1. Initiate a PyTorch version of DLA-34 baseline model, the backbone neural network of FairMOT. Load the pre-trained model weights that was trained on CrowdHuman and MIX datasets (see https://github.com/ifzhang/FairMOT for details).
2. Load input video. For each frame:
 
 2a. use the DLA-34 model to predict both object and object embeddings (i.e. features for identification).
 
 2b. asssociate detected objects with already-tracked or new ID, by examing embeddings and distance moved across frames.
 
 2c. generate output frame images with boxes and IDs

3. Combine processed frames to create output video.
4. (to be implemented) Export trajectories of the bottom center point of each bounding boxes, as the movement trajectories of people.

Notes:
- Tasks are carried out using open-source tool created by Yifu Zhang, which also contains scripts for model training and testing.
- In this notebook, pre-trained model is used for demonstrative purpose.
- In production, the FairMOT model will be trained on proper training data sets.
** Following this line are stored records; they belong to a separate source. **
lemma jconv_imp_eventually_j_close:
  assumes x: "unif_bounded_net E x" and xc: "jconv E j x" and e: "e > 0"
  shows "eventually (\<lambda>n. eventually (\<lambda>k. norm (j k n (x n) - x k) < e) dirtop) dirtop"
proof -
  define d where "d = e / 3"
  have d: "d > 0" using e by (simp add: d_def)
  have xE: "\<And>n. x n \<in> E n" using x unfolding unif_bounded_net_def by blast
  obtain m y where y: "y \<in> E m" and approx: "eventually (\<lambda>k. norm (x k - j k m y) < d) dirtop"
    using jconv_imp_eventually_close_basic_net[OF xc d] by blast
  show ?thesis
    using eventually_conj[OF approx eventually_j_compose_close[OF y d]]
  proof (rule eventually_mono, elim conjE)
    fix n assume n: "norm (x n - j n m y) < d"
      and compose: "eventually (\<lambda>k. norm (j k m y - j k n (j n m y)) < d) dirtop"
    have "eventually (\<lambda>k. norm (j k n (x n) - j k n (j n m y)) < d) dirtop"
      using norm_j_diff_le[OF xE j_mem[OF y]] n by (auto intro: always_eventually le_less_trans)
    moreover have "eventually (\<lambda>k. norm (j k n (j n m y) - j k m y) < d) dirtop"
      using compose by (auto elim: eventually_mono simp: norm_minus_commute)
    moreover have "eventually (\<lambda>k. norm (j k m y - x k) < d) dirtop"
      using approx by (auto elim: eventually_mono simp: norm_minus_commute)
    ultimately have "eventually (\<lambda>k. norm (j k n (x n) - x k) < d + d + d) dirtop"
      by (intro eventually_norm_diff_triangle_less)
    then show "eventually (\<lambda>k. norm (j k n (x n) - x k) < e) dirtop" by (simp add: d_def)
  qed
qed

lemma tendsto_dist_inf_jinf_jclass:
  assumes x: "unif_bounded_net E x" and xc: "jconv E j x"
  shows "((\<lambda>n. dist_inf (jinf E j n (x n)) (jclass E j x)) \<longlongrightarrow> 0) dirtop"
proof (rule tendsto_ereal_zeroI)
  fix n show "0 \<le> dist_inf (jinf E j n (x n)) (jclass E j x)"
    unfolding dist_inf_def by (rule snorm_nonneg[OF directed])
next
  fix e :: real assume e: "e > 0"
  have xE: "\<And>n. x n \<in> E n" using x unfolding unif_bounded_net_def by blast
  show "eventually (\<lambda>n. dist_inf (jinf E j n (x n)) (jclass E j x) < ereal e) dirtop"
    using jconv_imp_eventually_j_close[OF x xc divide_pos_pos[OF e, of 3]]
  proof (rule eventually_mono)
    fix n assume "eventually (\<lambda>k. norm (j k n (x n) - x k) < e/3) dirtop"
    then have "dist_inf (jclass E j (basic_net j n (x n))) (jclass E j x) \<le> ereal (2 * (e/3))"
      using e by (intro dist_inf_jclass_le jconv_basic_net xE xc) (auto simp: basic_net_def)
    also have "\<dots> < ereal e" using e by simp
    finally show "dist_inf (jinf E j n (x n)) (jclass E j x) < ereal e" by (simp add: jinf_def)
  qed simp
qed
Model checkpoints will be version-controlled, with approved ones saved to S3 for potential use. Model scripts will be containerized and stored in AWS ECR for use in AWS ECS or Fargate.

## 1) Install pacakges and setup environment


In [None]:
# install tools and packages
!git clone https://github.com/ifzhang/FairMOT     # the FairMot scripts
!git clone https://github.com/CharlesShang/DCNv2  # package for using DLA-34 model, the backbone neural network of FairMOT

In [None]:
# build DCNv2 
!python ./DCNv2/setup.py build develop

In [None]:
# istall requirements of FairMOT
!pip install -r ./external-repo/FairMOT/requirements.txt
!conda install pytorch==1.2.0 torchvision==0.4.0 cudatoolkit=10.0 -c pytorch -y
!conda install ffmpeg -y

In [None]:
# download pre-trained model weights of the DLA-34 backbone model.
#  - url: https://drive.google.com/open?id=1udpOPum8fJdoEQm6n0jsIgMMViOMFinu
#  - saved to S3 in advance
import boto3
import cv2
from PIL import Image

sess = sagemaker.Session()
s3 = boto3.client('s3')

# S3 bucket name and directories for the pre-trained DLA34 model
bucket = 'pedestrian-tracker'  
s3key_model = 'raw-pretrained-model'
fname = 'fairmot_dla34.pth'
s3.download_file(bucket, s3key + '/' + fname,  'external-repo/FairMOT/model/' + fname)

## 2) Run FairMOT model

In [1]:
# Execute FairMOT scripts with the following parameters
#  - load_model: baseline PyTorch model check point to load 
#  - input-video: input video to analyze
#  - conf_thres: Confidence threshold of tracking object identity; the highly, the more sceptical to assign an object to an ID
#  - det_thres: Confidence threshold of detecting an object.
#  - nmn_thres: Intersection over Union (IOU) threshold for non-max suppresion operation to remove bounding box proposals. Important if groups of people walk in close groups.
#  - track_buffer: maximum number of video frames for which an object is allowed to be missing before considered 'lost'

!python ./external-repo/FairMOT/src/demo.py mot --load_model ./external-repo/FairMOT/models/fairmot_dla34.pth \
        --conf_thres 0.3 --det_thres 0.3 --nms_thres 0.4 --track_buffer 30 \
        --input-video ./external-repo/FairMOT/videos/shopping-mall2.mp4 \
        --output-root ./external-repo/FairMOT/outputs